Dissolution studies of Ivabradine formulations
The proposed methods were applied to quantitatively estimate ivabradine release from four different controlled release tablet formulations. UV spectroscopic method showed satisfactory comparable results to that of the RP-HPLC method (Fig. 4). The results of analysis of the different controlled release formulations suggested that there is no interference from any excipients that are used in these formulations. Statistical analysis of the drug-release profiles obtained by both the methods was performed using similarity factor. Similarity factor, f2 value, is 74.23, 76.23, 69.57 and 72.56 for formulation I, II, III and IV respectively, indicating that the profiles generated by both the methods are similar.
Fig. 4 Comparison of dissolution profiles of four controlled release formulations of ivabradine prepared by different methods with different excipients using UV and HPLC methods.
Conclusion:
The proposed UV spectroscopic and RPHPLC methods provide simple, accurate and reproducible quantitative analysis for determination of ivabradine hydrochloride in drug release studies. Proposed methods complied with ICH validation criteria and showed comparable results.

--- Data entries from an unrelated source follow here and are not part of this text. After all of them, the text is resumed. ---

lemma eventually_fibre_ratios:
  assumes p: "pformula fa ra 1 (k + m) p" and \<theta>: "pformula fa ra (k + m) 0 \<theta>"
    and \<theta>_delta: "\<And>b. b \<in> tuples (sdom M) (k + m) \<Longrightarrow> sat M (lenv b) \<theta> \<Longrightarrow>
      \<delta> 1 (inst M 1 p b) = ereal v"
    and cs: "cs \<in> tuples (sdom M) m" and e: "0 < e"
  shows "eventually (\<lambda>i. \<forall>a\<in>tuples (sdom (S i)) k. sat (S i) (lenv (a @ urep_list cs i)) \<theta> \<longrightarrow>
    \<bar>lg (card (inst (S i) 1 p (a @ urep_list cs i))) / lgX i - v\<bar> < e) \<U>"
proof (rule eventually_ball_tuples)
  fix a
  assume "a \<in> tuples (sdom M) k"
  then have b: "a @ cs \<in> tuples (sdom M) (k + m)"
    using cs by (rule append_in_tuples)
  show "eventually (\<lambda>i. sat (S i) (lenv (urep_list a i @ urep_list cs i)) \<theta> \<longrightarrow>
    \<bar>lg (card (inst (S i) 1 p (urep_list a i @ urep_list cs i))) / lgX i - v\<bar> < e) \<U>"
  proof (cases "sat M (lenv (a @ cs)) \<theta>")
    case True
    then have "((\<lambda>i. lg (card (inst (S i) 1 p (urep_list (a @ cs) i))) / lgX i) \<longlongrightarrow> v) \<U>"
      by (intro delta_inst_eq_ereal_iff[OF p b, THEN iffD1] \<theta>_delta[OF b])
    then have "eventually (\<lambda>i. \<bar>lg (card (inst (S i) 1 p (urep_list (a @ cs) i))) / lgX i - v\<bar> < e) \<U>"
      using e by (simp add: tendsto_iff dist_real_def)
    then show ?thesis
      by (rule eventually_mono) (simp add: urep_list_append)
  next
    case False
    then have "eventually (\<lambda>i. \<not> sat (S i) (lenv (urep_list (a @ cs) i)) \<theta>) \<U>"
      using sat_uprod_pformula[OF \<theta> b] not_eventually_U by blast
    then show ?thesis
      by (rule eventually_mono) (simp add: urep_list_append)
  qed
qed

context
  fixes k m r :: nat and p :: "('f, 'r) form" and \<theta> :: "nat \<Rightarrow> ('f, 'r) form"
    and cs :: "('i \<Rightarrow> 'a) set list"
  assumes p: "pformula fa ra (Suc k) m p" and cs: "cs \<in> tuples (sdom M) m"
    and \<theta>: "\<And>j. j \<le> r \<Longrightarrow> pformula fa ra (k + m) 0 (\<theta> j)"
    and \<theta>_cover: "\<And>b. b \<in> tuples (sdom M) (k + m) \<Longrightarrow> \<exists>j\<le>r. sat M (lenv b) (\<theta> j)"
    and \<theta>_delta: "\<And>j b. j \<le> r \<Longrightarrow> b \<in> tuples (sdom M) (k + m) \<Longrightarrow> sat M (lenv b) (\<theta> j) \<Longrightarrow>
      \<delta> 1 (inst M 1 p b) = ereal (real j)"
begin

lemma inst_pieces_eq:
  assumes "j \<le> r"
  shows "inst (S i) k (ex_first_and (k + m) p (\<theta> j)) (urep_list cs i) =
    {a \<in> tuples (sdom (S i)) k. 0 < card (inst (S i) 1 p (a @ urep_list cs i)) \<and>
      sat (S i) (lenv (a @ urep_list cs i)) (\<theta> j)}"
  unfolding inst_ex_first_and[OF p \<theta>[OF assms]] using finite_inst by (auto simp: card_gt_0_iff)

lemma eventually_pieces_cover:
  "eventually (\<lambda>i. \<forall>a\<in>tuples (sdom (S i)) k. 0 < real (card (inst (S i) 1 p (a @ urep_list cs i))) \<longrightarrow>
     (\<exists>j\<le>r. a \<in> inst (S i) k (ex_first_and (k + m) p (\<theta> j)) (urep_list cs i))) \<U>"
  using eventually_levels_cover[OF \<theta> \<theta>_cover cs]
proof (rule eventually_mono)
  fix i
  assume cover: "\<forall>a\<in>tuples (sdom (S i)) k. \<exists>j\<le>r. sat (S i) (lenv (a @ urep_list cs i)) (\<theta> j)"
  show "\<forall>a\<in>tuples (sdom (S i)) k. 0 < real (card (inst (S i) 1 p (a @ urep_list cs i))) \<longrightarrow>
     (\<exists>j\<le>r. a \<in> inst (S i) k (ex_first_and (k + m) p (\<theta> j)) (urep_list cs i))"
  proof (intro ballI impI)
    fix a
    assume a: "a \<in> tuples (sdom (S i)) k" "0 < real (card (inst (S i) 1 p (a @ urep_list cs i)))"
    then obtain j where "j \<le> r" "sat (S i) (lenv (a @ urep_list cs i)) (\<theta> j)"
      using cover by blast
    then show "\<exists>j\<le>r. a \<in> inst (S i) k (ex_first_and (k + m) p (\<theta> j)) (urep_list cs i)"
      using a inst_pieces_eq[of j i] by auto
  qed
qed
definition nxt :: "nat \<Rightarrow> nat" where
  "nxt i = (i + 1) mod length cs"

definition prv :: "nat \<Rightarrow> nat" where
  "prv i = (i + length cs - 1) mod length cs"

lemma length_ge_3: "3 \<le> length cs"
  using cycle by (simp add: is_cycle_def)

lemma cs_nonempty [simp]: "cs \<noteq> []"
  using length_ge_3 by auto

lemma nxt_less [simp]: "nxt i < length cs"
  by (simp add: nxt_def)

lemma prv_less [simp]: "prv i < length cs"
  by (simp add: prv_def)

lemma nxt_prv [simp]: "i < length cs \<Longrightarrow> nxt (prv i) = i"
  using length_ge_3 by (cases i) (auto simp: nxt_def prv_def mod_Suc)

lemma prv_nxt [simp]: "i < length cs \<Longrightarrow> prv (nxt i) = i"
  using length_ge_3 by (auto simp: nxt_def prv_def mod_Suc)

lemma nxt_neq: "i < length cs \<Longrightarrow> nxt i \<noteq> i"
  using length_ge_3 by (auto simp: nxt_def mod_Suc)

lemma nxt_nxt_neq: "i < length cs \<Longrightarrow> nxt (nxt i) \<noteq> i"
  using length_ge_3 by (auto simp: nxt_def mod_Suc)

lemma adj_nxt: "i < length cs \<Longrightarrow> E (cs ! i) (cs ! nxt i)"
  using cycle by (simp add: is_cycle_def nxt_def)

lemma adj_prv: "i < length cs \<Longrightarrow> E (cs ! prv i) (cs ! i)"
  using adj_nxt[of "prv i"] by simp

lemma bij_betw_nxt: "bij_betw nxt {..<length cs} {..<length cs}"
  by (rule bij_betw_byWitness[where f' = prv]) auto

lemma sum_nxt: "(\<Sum>i<length cs. f (nxt i)) = (\<Sum>i<length cs. f i)"
  using sum.reindex_bij_betw[OF bij_betw_nxt] .

lemma bij_betw_prv: "bij_betw prv {..<length cs} {..<length cs}"
  by (rule bij_betw_byWitness[where f' = nxt]) auto

lemma sum_prv: "(\<Sum>i<length cs. f (prv i)) = (\<Sum>i<length cs. f i)"
  using sum.reindex_bij_betw[OF bij_betw_prv] .
definition b2 :: "'k::field weier \<Rightarrow> 'k" where "b2 E = a1 E ^ 2 + 4 * a2 E"
definition b4 :: "'k::field weier \<Rightarrow> 'k" where "b4 E = 2 * a4 E + a1 E * a3 E"
definition b6 :: "'k::field weier \<Rightarrow> 'k" where "b6 E = a3 E ^ 2 + 4 * a6 E"
definition b8 :: "'k::field weier \<Rightarrow> 'k" where
  "b8 E = a1 E ^ 2 * a6 E + 4 * a2 E * a6 E - a1 E * a3 E * a4 E + a2 E * a3 E ^ 2 - a4 E ^ 2"
definition c4 :: "'k::field weier \<Rightarrow> 'k" where "c4 E = b2 E ^ 2 - 24 * b4 E"
definition disc :: "'k::field weier \<Rightarrow> 'k" where
  "disc E = - (b2 E ^ 2 * b8 E) - 8 * b4 E ^ 3 - 27 * b6 E ^ 2 + 9 * b2 E * b4 E * b6 E"
definition jinv :: "'k::field weier \<Rightarrow> 'k" where "jinv E = c4 E ^ 3 / disc E"

definition elliptic :: "'k::field weier \<Rightarrow> bool" where "elliptic E \<longleftrightarrow> disc E \<noteq> 0"

text \<open>K-isomorphism of Weierstrass equations: E' arises from E by
x = u^2 x' + r, y = u^3 y' + s u^2 x' + t with u,r,s,t in K, u nonzero (Silverman III.1).\<close>
definition weier_iso :: "'k::field weier \<Rightarrow> 'k weier \<Rightarrow> bool" where
  "weier_iso E E' \<longleftrightarrow> (\<exists>u r s t. u \<noteq> 0 \<and>
     u * a1 E' = a1 E + 2 * s \<and>
     u ^ 2 * a2 E' = a2 E - s * a1 E + 3 * r - s ^ 2 \<and>
     u ^ 3 * a3 E' = a3 E + r * a1 E + 2 * t \<and>
     u ^ 4 * a4 E' = a4 E - s * a3 E + 2 * r * a2 E - (t + r * s) * a1 E + 3 * r ^ 2 - 2 * s * t \<and>
     u ^ 6 * a6 E' = a6 E + r * a4 E + r ^ 2 * a2 E + r ^ 3 - t * a3 E - t ^ 2 - r * t * a1 E)"

text \<open>E1 and E2 are related by a K-rational 2-isogeny E1 -> E2 (char K = 0): E1 is
K-isomorphic to y^2 = x^3 + a x^2 + b x with the kernel generated by (0,0), and E2 is
K-isomorphic to its quotient, given by Velu's formula y^2 = x^3 - 2a x^2 + (a^2-4b) x,
the isogeny being (x,y) |-> (y^2/x^2, y(b - x^2)/x^2).\<close>
definition two_isogenous :: "'k::field weier \<Rightarrow> 'k weier \<Rightarrow> bool" where
  "two_isogenous E1 E2 \<longleftrightarrow> (\<exists>a b. b \<noteq> 0 \<and> a ^ 2 - 4 * b \<noteq> 0 \<and>
     weier_iso E1 (W 0 a 0 b 0) \<and> weier_iso E2 (W 0 (- 2 * a) 0 (a ^ 2 - 4 * b) 0))"

end

theory Submission
  imports Defs
begin
lemma first_split_eq_iff:
  assumes j: "bij_betw j {1..n-2} {2..n-1}" and abc: "1 \<le> a" "a < b" "b < c" "c \<le> n"
  shows "first_split n j {a, b, c} = t \<longleftrightarrow>
    t \<in> {1..n-2} \<and> a < j t \<and> j t < c \<and> (\<forall>s\<in>{1..<t}. \<not> (a < j s \<and> j s < c))"
proof -
  define P where "P t \<longleftrightarrow> t \<in> {1..n-2} \<and> a < j t \<and> j t < c" for t
  have "a + 1 \<in> j ` {1..n-2}"
    using abc bij_betw_imp_surj_on[OF j] by auto
  then have ex: "\<exists>t. P t" unfolding P_def using abc by force
  have "first_split n j {a, b, c} = (LEAST t. P t)"
    unfolding first_split_def P_def using abc by simp
  also have "\<dots> = t \<longleftrightarrow> P t \<and> (\<forall>s<t. \<not> P s)"
    using ex by (metis LeastI_ex Least_equality not_less_Least leI)
  also have "\<dots> \<longleftrightarrow> P t \<and> (\<forall>s\<in>{1..<t}. \<not> (a < j s \<and> j s < c))"
    unfolding P_def by auto
  finally show ?thesis unfolding P_def by blast
qed

lemma first_split_mem:
  assumes "bij_betw j {1..n-2} {2..n-1}" and "X \<in> Lambda n"
  shows "first_split n j X \<in> {1..n-2}"
  using assms first_split_eq_iff unfolding Lambda_iff by blast
lemma lfun_Lmom_Phi_degree: "lfun (Lmom a) (int m) (Phi a m) = Phi_normsq a m"
proof (induction m)
  case 0
  then show ?case
    by (simp add: lfun_eq Phi_normsq_def Lmom_eq_moment_seq moment_seq_def)
next
  case (Suc m)
  have shift: "pCons 0 (Phi a m) = Phi a (Suc m) + smult (cnj (a m)) (pstar (Phi a m))"
    by (simp add: Phi_Suc)
  have "lfun (Lmom a) (-1) (Phi a m) = lfun (Lmom a) 0 (pCons 0 (Phi a m))"
    by (simp add: lfun_pCons_0)
  also have "\<dots> = lfun (Lmom a) 0 (Phi a (Suc m)) + cnj (a m) * cnj (lfun (Lmom a) (int m) (Phi a m))"
    by (simp only: shift lfun_add lfun_smult lfun_pstar[OF hermitian_Lmom] degree_Phi diff_0_right)
  also have "\<dots> = cnj (a m) * Phi_normsq a m"
    using Suc lfun_Lmom_Phi[of 0 "Suc m" a] by simp
  finally have below: "lfun (Lmom a) (-1) (Phi a m) = cnj (a m) * Phi_normsq a m" .
  have "lfun (Lmom a) (int (Suc m)) (Phi a (Suc m)) =
      lfun (Lmom a) (int m) (Phi a m) - cnj (a m) * cnj (lfun (Lmom a) (-1) (Phi a m))"
    by (simp add: Phi_Suc lfun_diff lfun_smult lfun_pCons_0 lfun_pstar[OF hermitian_Lmom])
  also have "\<dots> = Phi_normsq a (Suc m)"
    using Suc below by (simp add: Phi_normsq_Suc algebra_simps)
  finally show ?case .
qed

lemma lpair_Lmom_Phi:
  "lpair (Lmom a) 0 (Phi a s) (Phi a k) = (if s = k then Phi_normsq a s else 0)"
proof (cases "s = k")
  case True
  have "lpair (Lmom a) 0 (Phi a s) (Phi a s) = (\<Sum>k\<le>s. cnj (coeff (Phi a s) k) * lfun (Lmom a) (int k) (Phi a s))"
    by (simp add: lpair_eq_sum_lfun[of _ s])
  also have "\<dots> = Phi_normsq a s"
    by (simp add: lessThan_Suc_atMost[symmetric] lfun_Lmom_Phi lfun_Lmom_Phi_degree)
  finally show ?thesis
    using True by simp
qed (simp add: lpair_Lmom_Phi_orth)

subsection \<open>Polynomials with positive coefficients in \<open>\<alpha>\<^sub>j\<close> and \<open>\<beta>\<^sub>j = - cnj \<alpha>\<^sub>j\<close>\<close>

type_synonym ab_exponent = "(nat \<Rightarrow> nat) \<times> (nat \<Rightarrow> nat)"

definition ab_monomial :: "nat \<Rightarrow> ab_exponent \<Rightarrow> (nat \<Rightarrow> complex) \<Rightarrow> complex" where
  "ab_monomial N m a = (\<Prod>j<N. a j ^ fst m j * (- cnj (a j)) ^ snd m j)"

definition positive_ab_poly :: "nat \<Rightarrow> ((nat \<Rightarrow> complex) \<Rightarrow> complex) \<Rightarrow> bool" where
  "positive_ab_poly N f \<longleftrightarrow> (\<exists>M (c :: ab_exponent \<Rightarrow> nat).
      finite M \<and> (\<forall>m\<in>M. c m > 0) \<and> (\<forall>a. f a = (\<Sum>m\<in>M. of_nat (c m) * ab_monomial N m a)))"

lemma ab_monomial_mult:
  "ab_monomial N p a * ab_monomial N q a =
     ab_monomial N (\<lambda>j. fst p j + fst q j, \<lambda>j. snd p j + snd q j) a"
  unfolding ab_monomial_def by (simp add: power_add prod.distrib[symmetric] algebra_simps)

lemma ab_monomial_eq_signed:
  "ab_monomial N m a =
     (-1) ^ (\<Sum>j<N. snd m j) * (\<Prod>j<N. a j ^ fst m j * cnj (a j) ^ snd m j)"
  unfolding ab_monomial_def power_minus[of "cnj _"]
  by (simp add: prod.distrib power_sum algebra_simps)

lemma positive_ab_poly_single: "positive_ab_poly N (ab_monomial N m)"
  unfolding positive_ab_poly_def by (intro exI[of _ "{m}"] exI[of _ "\<lambda>_. 1"]) simp

lemma positive_ab_poly_0: "positive_ab_poly N (\<lambda>a. 0)"
  unfolding positive_ab_poly_def by (intro exI[of _ "{}"]) simp

lemma ab_monomial_1: "ab_monomial N (\<lambda>_. 0, \<lambda>_. 0) = (\<lambda>a. 1)"
  by (simp add: ab_monomial_def fun_eq_iff)

lemma ab_monomial_alpha:
  assumes "j < N"
  shows "ab_monomial N (\<lambda>i. if i = j then 1 else 0, \<lambda>_. 0) = (\<lambda>a. a j)"
proof
  fix a
  have "ab_monomial N (\<lambda>i. if i = j then 1 else 0, \<lambda>_. 0) a = (\<Prod>i<N. if i = j then a i else 1)"
    unfolding ab_monomial_def by (rule prod.cong) auto
  then show "ab_monomial N (\<lambda>i. if i = j then 1 else 0, \<lambda>_. 0) a = a j"
    using assms by simp
qed

lemma ab_monomial_beta:
  assumes "j < N"
  shows "ab_monomial N (\<lambda>_. 0, \<lambda>i. if i = j then 1 else 0) = (\<lambda>a. - cnj (a j))"
proof
  fix a
  have "ab_monomial N (\<lambda>_. 0, \<lambda>i. if i = j then 1 else 0) a = (\<Prod>i<N. if i = j then - cnj (a i) else 1)"
    unfolding ab_monomial_def by (rule prod.cong) auto
  then show "ab_monomial N (\<lambda>_. 0, \<lambda>i. if i = j then 1 else 0) a = - cnj (a j)"
    using assms by simp
qed

lemma positive_ab_poly_1: "positive_ab_poly N (\<lambda>a. 1)"
  using positive_ab_poly_single[of N] ab_monomial_1 by metis

lemma positive_ab_poly_alpha: "j < N \<Longrightarrow> positive_ab_poly N (\<lambda>a. a j)"
  using positive_ab_poly_single[of N] ab_monomial_alpha by metis

lemma positive_ab_poly_beta: "j < N \<Longrightarrow> positive_ab_poly N (\<lambda>a. - cnj (a j))"
  using positive_ab_poly_single[of N] ab_monomial_beta by metis

lemma positive_ab_poly_reindex:
  fixes h :: "'i \<Rightarrow> ab_exponent"
  assumes "finite I" "\<forall>i\<in>I. w i > 0"
  shows "positive_ab_poly N (\<lambda>a. \<Sum>i\<in>I. of_nat (w i) * ab_monomial N (h i) a)"
proof -
  define c where "c m = (\<Sum>i\<in>{i\<in>I. h i = m}. w i)" for m
  have "(\<Sum>i\<in>I. of_nat (w i) * ab_monomial N (h i) a) = (\<Sum>m\<in>h ` I. of_nat (c m) * ab_monomial N m a)" for a
  proof -
    have "(\<Sum>i\<in>I. of_nat (w i) * ab_monomial N (h i) a) =
        (\<Sum>m\<in>h ` I. \<Sum>i\<in>{i\<in>I. h i = m}. of_nat (w i) * ab_monomial N (h i) a)"
      by (rule sum.image_gen[OF assms(1)])
    also have "\<dots> = (\<Sum>m\<in>h ` I. of_nat (c m) * ab_monomial N m a)"
      unfolding c_def of_nat_sum sum_distrib_right by (intro sum.cong refl) auto
    finally show ?thesis .
  qed
  moreover have "c m > 0" if m: "m \<in> h ` I" for m
  proof -
    obtain i where i: "i \<in> I" "h i = m"
      using m by blast
    have "0 < w i"
      using i assms(2) by blast
    also have "\<dots> \<le> c m"
      unfolding c_def by (rule member_le_sum) (use i assms(1) in simp_all)
    finally show ?thesis .
  qed
  moreover have "finite (h ` I)"
    using assms(1) by simp
  ultimately show ?thesis
    unfolding positive_ab_poly_def by (intro exI[of _ "h ` I"] exI[of _ c]) auto
qed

UV spectroscopic method has the advantages of lower cost and feasibility, and can be used for routine dissolution studies during CR formulation development.
ACKNOWLEDGEMENTS
The authors thank Themis Medicare Ltd. (Mumbai, India), for providing Ivabradine HCl as gift sample for this work. They also thank Dr. Aliasgar Shahiwala, Associate Professor, National Institute of Pharmaceutical Education & Research (NIPER), Ahmedabad and Prof. (Dr.) Harish Padh, Director, B.V. Patel Pharmaceutical Education and Research Development (PERD) Centre & Project Director, National Institute of Pharmaceutical Education & Research (NIPER), Ahmedabad, for providing required facilities to carry out this research work.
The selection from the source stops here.